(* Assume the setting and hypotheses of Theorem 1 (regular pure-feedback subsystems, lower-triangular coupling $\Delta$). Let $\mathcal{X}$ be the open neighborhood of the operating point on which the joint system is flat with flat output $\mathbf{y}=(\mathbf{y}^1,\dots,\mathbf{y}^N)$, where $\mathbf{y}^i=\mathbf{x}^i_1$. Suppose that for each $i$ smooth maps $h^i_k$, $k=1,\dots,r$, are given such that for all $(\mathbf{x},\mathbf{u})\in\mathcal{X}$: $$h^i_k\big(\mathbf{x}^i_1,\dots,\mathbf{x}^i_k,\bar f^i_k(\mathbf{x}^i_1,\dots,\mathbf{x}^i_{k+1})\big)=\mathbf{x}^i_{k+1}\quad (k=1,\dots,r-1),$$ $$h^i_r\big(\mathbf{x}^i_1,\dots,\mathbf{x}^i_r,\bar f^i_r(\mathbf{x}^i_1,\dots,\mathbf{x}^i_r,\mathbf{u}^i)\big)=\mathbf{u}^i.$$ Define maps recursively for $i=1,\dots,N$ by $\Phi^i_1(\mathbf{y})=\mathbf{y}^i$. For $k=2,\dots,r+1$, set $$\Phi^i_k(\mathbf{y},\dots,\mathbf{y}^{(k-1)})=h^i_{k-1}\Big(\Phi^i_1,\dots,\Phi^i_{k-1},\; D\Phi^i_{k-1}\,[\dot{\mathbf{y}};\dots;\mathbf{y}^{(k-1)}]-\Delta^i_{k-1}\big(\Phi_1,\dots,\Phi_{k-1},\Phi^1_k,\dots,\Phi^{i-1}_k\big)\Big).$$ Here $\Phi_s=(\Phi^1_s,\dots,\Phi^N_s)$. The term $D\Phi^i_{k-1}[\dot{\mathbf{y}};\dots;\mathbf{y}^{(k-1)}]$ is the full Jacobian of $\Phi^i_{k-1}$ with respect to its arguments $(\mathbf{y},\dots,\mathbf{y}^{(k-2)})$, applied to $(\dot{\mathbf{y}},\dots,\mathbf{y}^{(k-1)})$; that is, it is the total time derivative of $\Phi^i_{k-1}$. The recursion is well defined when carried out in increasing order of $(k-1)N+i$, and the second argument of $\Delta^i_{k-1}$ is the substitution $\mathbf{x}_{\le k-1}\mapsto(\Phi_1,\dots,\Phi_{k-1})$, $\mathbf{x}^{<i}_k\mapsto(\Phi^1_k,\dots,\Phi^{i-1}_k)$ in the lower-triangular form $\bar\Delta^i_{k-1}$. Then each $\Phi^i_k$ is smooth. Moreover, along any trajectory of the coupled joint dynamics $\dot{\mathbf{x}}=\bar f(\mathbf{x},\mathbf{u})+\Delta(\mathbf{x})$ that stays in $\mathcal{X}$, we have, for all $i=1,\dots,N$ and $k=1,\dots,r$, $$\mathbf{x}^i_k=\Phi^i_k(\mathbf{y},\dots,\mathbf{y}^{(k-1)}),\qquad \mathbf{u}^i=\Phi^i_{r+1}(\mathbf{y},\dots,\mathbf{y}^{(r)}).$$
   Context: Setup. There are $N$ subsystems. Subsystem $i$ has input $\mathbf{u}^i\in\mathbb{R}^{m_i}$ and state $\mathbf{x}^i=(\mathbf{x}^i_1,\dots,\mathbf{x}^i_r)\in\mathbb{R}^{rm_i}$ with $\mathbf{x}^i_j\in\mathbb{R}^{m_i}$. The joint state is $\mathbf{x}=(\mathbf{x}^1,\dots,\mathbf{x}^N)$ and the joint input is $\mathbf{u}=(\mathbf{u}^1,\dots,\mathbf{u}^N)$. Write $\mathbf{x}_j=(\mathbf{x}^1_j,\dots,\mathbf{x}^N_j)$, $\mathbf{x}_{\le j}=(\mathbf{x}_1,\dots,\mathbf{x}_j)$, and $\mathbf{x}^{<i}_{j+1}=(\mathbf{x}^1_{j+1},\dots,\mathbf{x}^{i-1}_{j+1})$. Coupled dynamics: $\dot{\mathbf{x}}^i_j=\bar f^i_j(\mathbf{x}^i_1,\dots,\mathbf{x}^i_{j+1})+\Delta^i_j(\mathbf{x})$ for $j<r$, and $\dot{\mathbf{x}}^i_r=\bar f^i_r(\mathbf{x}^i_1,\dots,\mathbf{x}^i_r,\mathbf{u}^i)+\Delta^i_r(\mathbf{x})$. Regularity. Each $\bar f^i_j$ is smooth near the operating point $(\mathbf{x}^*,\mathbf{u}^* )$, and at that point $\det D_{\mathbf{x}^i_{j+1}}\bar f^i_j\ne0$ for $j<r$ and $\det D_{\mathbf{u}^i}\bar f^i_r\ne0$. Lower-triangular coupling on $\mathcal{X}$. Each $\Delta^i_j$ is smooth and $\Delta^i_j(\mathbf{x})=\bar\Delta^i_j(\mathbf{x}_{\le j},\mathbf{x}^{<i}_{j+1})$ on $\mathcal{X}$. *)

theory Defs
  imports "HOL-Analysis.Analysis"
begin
-- -- --
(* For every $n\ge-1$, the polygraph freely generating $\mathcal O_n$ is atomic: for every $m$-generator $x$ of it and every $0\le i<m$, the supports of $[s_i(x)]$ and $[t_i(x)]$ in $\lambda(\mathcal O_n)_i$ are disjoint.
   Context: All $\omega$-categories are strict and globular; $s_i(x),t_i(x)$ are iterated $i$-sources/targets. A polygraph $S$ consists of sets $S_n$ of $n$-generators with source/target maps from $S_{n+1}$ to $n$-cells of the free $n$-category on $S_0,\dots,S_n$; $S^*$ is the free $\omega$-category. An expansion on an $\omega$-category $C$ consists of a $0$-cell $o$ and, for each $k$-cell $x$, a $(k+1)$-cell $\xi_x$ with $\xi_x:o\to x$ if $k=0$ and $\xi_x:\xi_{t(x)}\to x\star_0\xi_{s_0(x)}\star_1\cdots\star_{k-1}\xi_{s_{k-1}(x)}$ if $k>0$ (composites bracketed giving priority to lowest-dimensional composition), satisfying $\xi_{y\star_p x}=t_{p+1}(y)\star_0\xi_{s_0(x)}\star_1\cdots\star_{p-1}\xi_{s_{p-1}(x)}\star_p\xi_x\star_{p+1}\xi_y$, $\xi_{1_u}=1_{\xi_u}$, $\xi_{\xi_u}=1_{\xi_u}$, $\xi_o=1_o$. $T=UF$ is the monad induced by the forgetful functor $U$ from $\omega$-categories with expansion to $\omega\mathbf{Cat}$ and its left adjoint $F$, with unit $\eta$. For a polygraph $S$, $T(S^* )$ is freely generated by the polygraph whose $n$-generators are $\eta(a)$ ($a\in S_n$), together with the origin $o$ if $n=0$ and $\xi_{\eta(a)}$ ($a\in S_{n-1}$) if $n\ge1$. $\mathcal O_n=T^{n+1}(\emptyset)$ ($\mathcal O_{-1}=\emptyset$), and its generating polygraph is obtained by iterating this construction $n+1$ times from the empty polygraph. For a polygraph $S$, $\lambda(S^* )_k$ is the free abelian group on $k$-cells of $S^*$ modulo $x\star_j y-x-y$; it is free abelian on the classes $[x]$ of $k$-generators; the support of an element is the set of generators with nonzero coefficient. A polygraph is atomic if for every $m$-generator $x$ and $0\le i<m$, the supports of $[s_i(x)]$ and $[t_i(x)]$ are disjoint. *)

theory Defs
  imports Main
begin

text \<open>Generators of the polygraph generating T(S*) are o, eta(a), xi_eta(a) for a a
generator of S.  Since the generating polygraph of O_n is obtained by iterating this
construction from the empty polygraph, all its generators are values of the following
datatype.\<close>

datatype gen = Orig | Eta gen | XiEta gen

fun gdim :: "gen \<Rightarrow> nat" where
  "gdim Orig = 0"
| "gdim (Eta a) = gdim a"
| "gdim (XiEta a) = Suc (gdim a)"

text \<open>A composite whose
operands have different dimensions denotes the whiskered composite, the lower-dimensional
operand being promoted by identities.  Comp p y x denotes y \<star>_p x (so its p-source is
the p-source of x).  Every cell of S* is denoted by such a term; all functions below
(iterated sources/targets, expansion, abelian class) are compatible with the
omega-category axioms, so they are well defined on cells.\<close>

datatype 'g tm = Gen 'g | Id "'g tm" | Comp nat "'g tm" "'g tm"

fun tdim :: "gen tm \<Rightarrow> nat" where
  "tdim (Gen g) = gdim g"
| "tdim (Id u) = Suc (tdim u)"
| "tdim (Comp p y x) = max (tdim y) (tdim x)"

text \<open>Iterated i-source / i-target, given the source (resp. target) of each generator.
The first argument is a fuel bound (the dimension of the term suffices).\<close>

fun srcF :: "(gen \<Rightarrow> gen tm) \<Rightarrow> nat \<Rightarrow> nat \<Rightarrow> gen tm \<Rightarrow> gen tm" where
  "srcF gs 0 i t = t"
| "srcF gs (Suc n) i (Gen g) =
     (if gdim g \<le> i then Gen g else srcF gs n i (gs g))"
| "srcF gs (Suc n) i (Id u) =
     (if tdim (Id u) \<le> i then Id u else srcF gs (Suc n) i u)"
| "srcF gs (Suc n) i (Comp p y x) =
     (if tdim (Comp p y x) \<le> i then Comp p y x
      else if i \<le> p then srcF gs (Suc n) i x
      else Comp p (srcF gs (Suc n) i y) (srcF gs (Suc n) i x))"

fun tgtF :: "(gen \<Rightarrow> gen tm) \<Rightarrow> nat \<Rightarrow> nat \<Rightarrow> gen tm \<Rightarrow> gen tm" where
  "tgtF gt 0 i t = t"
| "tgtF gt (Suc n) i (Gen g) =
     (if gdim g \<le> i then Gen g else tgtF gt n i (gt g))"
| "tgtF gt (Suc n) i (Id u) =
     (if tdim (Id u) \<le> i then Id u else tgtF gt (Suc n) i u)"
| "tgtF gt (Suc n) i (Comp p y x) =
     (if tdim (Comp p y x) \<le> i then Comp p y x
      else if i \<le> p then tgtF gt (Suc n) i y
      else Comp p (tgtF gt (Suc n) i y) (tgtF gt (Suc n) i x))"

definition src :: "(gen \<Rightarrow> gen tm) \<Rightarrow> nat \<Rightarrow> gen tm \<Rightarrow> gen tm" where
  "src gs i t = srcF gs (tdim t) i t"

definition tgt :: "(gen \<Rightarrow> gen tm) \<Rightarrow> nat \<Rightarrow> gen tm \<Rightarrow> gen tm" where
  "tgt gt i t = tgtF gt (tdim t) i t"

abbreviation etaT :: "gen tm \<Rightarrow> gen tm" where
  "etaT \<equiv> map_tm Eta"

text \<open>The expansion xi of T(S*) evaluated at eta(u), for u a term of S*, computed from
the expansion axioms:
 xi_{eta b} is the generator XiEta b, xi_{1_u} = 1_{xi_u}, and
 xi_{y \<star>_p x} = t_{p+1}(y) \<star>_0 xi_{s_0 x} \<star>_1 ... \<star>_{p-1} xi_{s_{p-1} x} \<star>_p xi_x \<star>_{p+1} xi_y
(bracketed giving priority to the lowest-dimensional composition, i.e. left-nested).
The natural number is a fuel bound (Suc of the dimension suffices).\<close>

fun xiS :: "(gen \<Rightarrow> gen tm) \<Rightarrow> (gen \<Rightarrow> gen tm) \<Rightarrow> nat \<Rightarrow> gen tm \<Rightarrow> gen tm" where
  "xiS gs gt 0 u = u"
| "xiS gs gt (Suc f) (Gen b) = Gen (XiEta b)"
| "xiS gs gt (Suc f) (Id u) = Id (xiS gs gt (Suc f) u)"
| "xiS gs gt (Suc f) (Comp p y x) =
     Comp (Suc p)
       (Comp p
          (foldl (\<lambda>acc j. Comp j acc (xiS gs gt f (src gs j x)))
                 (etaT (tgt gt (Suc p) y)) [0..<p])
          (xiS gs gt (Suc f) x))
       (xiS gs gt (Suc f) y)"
-- -- --
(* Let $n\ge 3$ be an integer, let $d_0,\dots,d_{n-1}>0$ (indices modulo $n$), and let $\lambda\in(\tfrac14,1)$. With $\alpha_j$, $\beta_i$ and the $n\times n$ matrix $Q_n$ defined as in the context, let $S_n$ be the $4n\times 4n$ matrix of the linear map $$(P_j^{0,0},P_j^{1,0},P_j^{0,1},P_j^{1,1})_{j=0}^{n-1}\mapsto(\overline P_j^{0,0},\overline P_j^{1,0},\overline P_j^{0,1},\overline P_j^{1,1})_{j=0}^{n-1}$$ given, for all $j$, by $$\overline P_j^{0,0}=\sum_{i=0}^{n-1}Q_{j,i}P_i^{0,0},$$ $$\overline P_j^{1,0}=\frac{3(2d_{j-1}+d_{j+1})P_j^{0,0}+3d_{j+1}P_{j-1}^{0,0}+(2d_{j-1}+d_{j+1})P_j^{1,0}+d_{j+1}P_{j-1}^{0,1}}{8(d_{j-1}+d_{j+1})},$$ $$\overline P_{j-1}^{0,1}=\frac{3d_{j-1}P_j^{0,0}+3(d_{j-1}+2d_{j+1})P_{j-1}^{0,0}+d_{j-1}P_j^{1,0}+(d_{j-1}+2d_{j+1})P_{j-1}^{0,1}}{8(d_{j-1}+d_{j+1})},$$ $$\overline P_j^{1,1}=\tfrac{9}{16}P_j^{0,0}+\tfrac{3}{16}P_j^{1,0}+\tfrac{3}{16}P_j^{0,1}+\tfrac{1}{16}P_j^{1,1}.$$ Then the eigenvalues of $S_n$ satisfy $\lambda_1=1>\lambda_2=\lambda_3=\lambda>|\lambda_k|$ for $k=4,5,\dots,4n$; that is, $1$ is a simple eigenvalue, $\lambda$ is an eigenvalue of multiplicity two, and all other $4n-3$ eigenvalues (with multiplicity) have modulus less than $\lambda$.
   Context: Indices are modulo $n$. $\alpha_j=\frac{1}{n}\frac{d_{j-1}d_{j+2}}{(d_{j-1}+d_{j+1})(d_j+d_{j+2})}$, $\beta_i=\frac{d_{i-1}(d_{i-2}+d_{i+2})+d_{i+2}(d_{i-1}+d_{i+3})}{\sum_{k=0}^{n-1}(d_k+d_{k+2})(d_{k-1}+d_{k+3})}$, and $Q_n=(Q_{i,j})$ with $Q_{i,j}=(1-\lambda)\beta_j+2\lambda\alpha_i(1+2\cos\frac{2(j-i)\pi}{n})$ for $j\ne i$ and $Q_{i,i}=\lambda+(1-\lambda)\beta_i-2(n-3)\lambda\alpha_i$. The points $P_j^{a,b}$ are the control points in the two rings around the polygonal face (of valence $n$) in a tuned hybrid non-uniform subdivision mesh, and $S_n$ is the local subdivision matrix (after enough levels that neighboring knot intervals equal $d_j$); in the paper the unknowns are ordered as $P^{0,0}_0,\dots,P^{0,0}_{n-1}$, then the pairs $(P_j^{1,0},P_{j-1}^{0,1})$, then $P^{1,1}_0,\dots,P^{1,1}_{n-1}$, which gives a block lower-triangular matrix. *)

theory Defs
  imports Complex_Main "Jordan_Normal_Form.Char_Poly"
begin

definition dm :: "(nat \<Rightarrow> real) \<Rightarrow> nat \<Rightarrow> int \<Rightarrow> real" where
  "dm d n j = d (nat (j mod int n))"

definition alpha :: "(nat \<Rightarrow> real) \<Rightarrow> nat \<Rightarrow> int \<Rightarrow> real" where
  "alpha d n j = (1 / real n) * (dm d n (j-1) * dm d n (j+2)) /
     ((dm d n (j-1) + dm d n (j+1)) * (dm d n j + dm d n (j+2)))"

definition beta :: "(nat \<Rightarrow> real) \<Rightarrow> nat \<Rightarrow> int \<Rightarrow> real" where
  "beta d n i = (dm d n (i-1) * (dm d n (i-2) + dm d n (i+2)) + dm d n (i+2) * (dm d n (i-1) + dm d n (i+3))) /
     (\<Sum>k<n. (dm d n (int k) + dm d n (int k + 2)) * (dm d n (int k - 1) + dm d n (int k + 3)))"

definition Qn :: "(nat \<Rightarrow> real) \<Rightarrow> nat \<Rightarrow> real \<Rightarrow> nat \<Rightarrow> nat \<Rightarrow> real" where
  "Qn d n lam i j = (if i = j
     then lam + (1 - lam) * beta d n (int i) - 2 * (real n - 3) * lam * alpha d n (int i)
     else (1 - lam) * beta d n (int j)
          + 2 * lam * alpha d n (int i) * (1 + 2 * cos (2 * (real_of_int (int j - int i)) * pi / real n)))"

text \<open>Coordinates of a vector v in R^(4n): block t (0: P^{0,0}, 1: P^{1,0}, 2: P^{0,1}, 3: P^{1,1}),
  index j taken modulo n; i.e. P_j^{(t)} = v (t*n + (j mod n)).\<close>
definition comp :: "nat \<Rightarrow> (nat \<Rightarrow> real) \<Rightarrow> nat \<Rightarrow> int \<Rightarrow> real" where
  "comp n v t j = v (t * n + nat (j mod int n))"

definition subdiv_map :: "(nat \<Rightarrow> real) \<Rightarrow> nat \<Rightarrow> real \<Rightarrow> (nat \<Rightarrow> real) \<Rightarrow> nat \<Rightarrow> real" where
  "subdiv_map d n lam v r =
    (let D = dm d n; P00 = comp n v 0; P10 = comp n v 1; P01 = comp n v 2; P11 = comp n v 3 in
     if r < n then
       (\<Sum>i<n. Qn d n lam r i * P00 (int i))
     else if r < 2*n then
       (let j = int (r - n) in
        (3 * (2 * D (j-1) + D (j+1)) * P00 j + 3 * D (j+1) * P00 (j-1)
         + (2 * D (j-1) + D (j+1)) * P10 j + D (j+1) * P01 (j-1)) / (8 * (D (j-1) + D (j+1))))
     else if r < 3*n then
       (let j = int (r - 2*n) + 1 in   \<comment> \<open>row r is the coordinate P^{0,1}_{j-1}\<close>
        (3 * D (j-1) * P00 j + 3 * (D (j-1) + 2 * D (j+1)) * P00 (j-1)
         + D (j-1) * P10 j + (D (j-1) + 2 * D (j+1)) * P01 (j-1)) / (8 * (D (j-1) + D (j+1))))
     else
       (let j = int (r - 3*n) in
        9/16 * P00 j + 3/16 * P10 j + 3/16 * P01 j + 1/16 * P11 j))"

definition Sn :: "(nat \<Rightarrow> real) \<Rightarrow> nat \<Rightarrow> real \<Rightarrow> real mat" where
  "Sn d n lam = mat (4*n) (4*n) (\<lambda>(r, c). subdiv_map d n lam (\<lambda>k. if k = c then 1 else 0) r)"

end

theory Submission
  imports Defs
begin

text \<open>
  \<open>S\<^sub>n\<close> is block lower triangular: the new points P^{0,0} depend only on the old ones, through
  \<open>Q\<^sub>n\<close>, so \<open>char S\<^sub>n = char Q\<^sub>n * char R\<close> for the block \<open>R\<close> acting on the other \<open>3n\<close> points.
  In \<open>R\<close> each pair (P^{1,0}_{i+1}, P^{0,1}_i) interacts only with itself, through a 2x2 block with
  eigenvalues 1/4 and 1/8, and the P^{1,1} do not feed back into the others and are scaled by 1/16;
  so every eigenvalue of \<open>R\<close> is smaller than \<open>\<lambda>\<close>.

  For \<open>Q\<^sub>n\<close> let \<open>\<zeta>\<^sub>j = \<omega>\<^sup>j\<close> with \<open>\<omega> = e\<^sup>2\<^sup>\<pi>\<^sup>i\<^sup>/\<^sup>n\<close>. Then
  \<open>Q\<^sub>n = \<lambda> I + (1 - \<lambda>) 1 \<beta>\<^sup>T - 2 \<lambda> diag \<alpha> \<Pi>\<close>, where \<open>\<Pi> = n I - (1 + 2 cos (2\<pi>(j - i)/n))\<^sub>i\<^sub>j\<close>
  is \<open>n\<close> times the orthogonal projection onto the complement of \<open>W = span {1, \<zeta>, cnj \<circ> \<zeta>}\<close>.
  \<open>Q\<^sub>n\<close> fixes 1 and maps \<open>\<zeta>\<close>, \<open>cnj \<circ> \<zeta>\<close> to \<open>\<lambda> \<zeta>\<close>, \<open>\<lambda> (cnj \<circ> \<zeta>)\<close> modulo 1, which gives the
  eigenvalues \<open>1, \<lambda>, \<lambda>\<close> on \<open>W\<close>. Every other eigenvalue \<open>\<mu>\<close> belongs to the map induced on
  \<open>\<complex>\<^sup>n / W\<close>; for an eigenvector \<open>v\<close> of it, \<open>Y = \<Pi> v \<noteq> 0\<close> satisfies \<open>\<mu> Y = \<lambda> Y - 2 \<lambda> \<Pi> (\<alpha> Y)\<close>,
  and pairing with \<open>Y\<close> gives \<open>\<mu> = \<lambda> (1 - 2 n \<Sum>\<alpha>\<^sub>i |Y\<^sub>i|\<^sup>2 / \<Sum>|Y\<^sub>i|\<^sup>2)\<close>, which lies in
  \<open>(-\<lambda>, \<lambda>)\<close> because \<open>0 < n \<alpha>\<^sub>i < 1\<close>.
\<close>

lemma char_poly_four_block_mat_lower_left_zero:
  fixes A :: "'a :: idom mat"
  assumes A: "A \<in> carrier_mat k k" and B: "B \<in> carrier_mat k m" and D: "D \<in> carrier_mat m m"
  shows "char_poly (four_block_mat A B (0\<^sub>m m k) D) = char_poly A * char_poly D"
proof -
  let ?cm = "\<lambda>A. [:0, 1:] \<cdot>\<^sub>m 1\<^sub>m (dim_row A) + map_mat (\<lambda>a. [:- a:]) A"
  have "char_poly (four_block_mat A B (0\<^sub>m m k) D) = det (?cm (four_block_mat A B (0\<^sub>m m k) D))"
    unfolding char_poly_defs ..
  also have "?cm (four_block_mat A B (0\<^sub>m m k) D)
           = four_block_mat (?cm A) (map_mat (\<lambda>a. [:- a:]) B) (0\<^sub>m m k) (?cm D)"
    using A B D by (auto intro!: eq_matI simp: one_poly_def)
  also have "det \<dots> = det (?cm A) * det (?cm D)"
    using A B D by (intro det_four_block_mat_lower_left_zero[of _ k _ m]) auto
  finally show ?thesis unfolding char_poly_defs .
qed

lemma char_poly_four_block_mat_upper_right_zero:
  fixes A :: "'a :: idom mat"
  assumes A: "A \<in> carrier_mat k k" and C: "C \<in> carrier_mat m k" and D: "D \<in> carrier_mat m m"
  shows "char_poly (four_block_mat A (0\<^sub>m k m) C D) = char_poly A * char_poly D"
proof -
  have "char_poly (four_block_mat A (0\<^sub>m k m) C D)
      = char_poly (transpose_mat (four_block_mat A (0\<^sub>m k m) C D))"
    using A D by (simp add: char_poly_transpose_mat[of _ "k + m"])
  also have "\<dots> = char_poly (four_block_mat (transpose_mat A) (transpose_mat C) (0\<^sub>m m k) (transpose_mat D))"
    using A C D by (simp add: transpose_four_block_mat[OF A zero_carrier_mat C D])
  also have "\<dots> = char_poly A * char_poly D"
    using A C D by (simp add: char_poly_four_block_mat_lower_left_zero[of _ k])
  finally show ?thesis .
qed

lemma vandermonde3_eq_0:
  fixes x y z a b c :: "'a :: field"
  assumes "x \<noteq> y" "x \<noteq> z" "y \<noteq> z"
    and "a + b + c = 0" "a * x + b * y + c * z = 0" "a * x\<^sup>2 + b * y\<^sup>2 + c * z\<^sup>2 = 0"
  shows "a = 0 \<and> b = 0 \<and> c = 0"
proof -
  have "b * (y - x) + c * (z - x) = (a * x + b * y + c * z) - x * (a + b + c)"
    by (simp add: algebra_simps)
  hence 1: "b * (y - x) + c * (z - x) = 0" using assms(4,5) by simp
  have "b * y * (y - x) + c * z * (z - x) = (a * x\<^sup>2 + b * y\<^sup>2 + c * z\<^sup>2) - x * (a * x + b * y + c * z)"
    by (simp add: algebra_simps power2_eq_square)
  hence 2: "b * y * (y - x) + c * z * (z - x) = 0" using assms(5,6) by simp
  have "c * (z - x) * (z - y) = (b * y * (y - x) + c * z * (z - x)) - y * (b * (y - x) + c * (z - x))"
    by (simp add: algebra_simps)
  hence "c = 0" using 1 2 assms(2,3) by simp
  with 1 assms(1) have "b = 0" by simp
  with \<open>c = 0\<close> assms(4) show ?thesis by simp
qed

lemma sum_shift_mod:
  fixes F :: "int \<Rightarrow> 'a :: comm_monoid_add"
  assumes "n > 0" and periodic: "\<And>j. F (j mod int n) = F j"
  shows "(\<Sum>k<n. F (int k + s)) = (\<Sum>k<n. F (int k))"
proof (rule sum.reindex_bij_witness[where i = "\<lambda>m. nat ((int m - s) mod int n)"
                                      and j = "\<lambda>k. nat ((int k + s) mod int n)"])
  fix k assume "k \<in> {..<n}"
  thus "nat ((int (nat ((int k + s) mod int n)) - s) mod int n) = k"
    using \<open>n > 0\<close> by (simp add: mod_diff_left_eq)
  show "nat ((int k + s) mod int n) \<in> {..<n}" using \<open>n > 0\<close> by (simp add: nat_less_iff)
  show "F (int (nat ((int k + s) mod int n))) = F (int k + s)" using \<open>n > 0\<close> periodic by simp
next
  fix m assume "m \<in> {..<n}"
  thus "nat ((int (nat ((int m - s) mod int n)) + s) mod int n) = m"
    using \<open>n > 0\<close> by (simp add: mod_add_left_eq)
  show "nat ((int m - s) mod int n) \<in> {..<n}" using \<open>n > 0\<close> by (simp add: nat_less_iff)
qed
-- -- --
- [WHAT THE EXERCISE ASKS] Copy each line above that contains the string "assumes".

- [WRITTEN RESPONSE]
  assumes A: "A \<in> carrier_mat k k" and B: "B \<in> carrier_mat k m" and D: "D \<in> carrier_mat m m"
  assumes A: "A \<in> carrier_mat k k" and C: "C \<in> carrier_mat m k" and D: "D \<in> carrier_mat m m"
  assumes "x \<noteq> y" "x \<noteq> z" "y \<noteq> z"
  assumes "n > 0" and periodic: "\<And>j. F (j mod int n) = F j"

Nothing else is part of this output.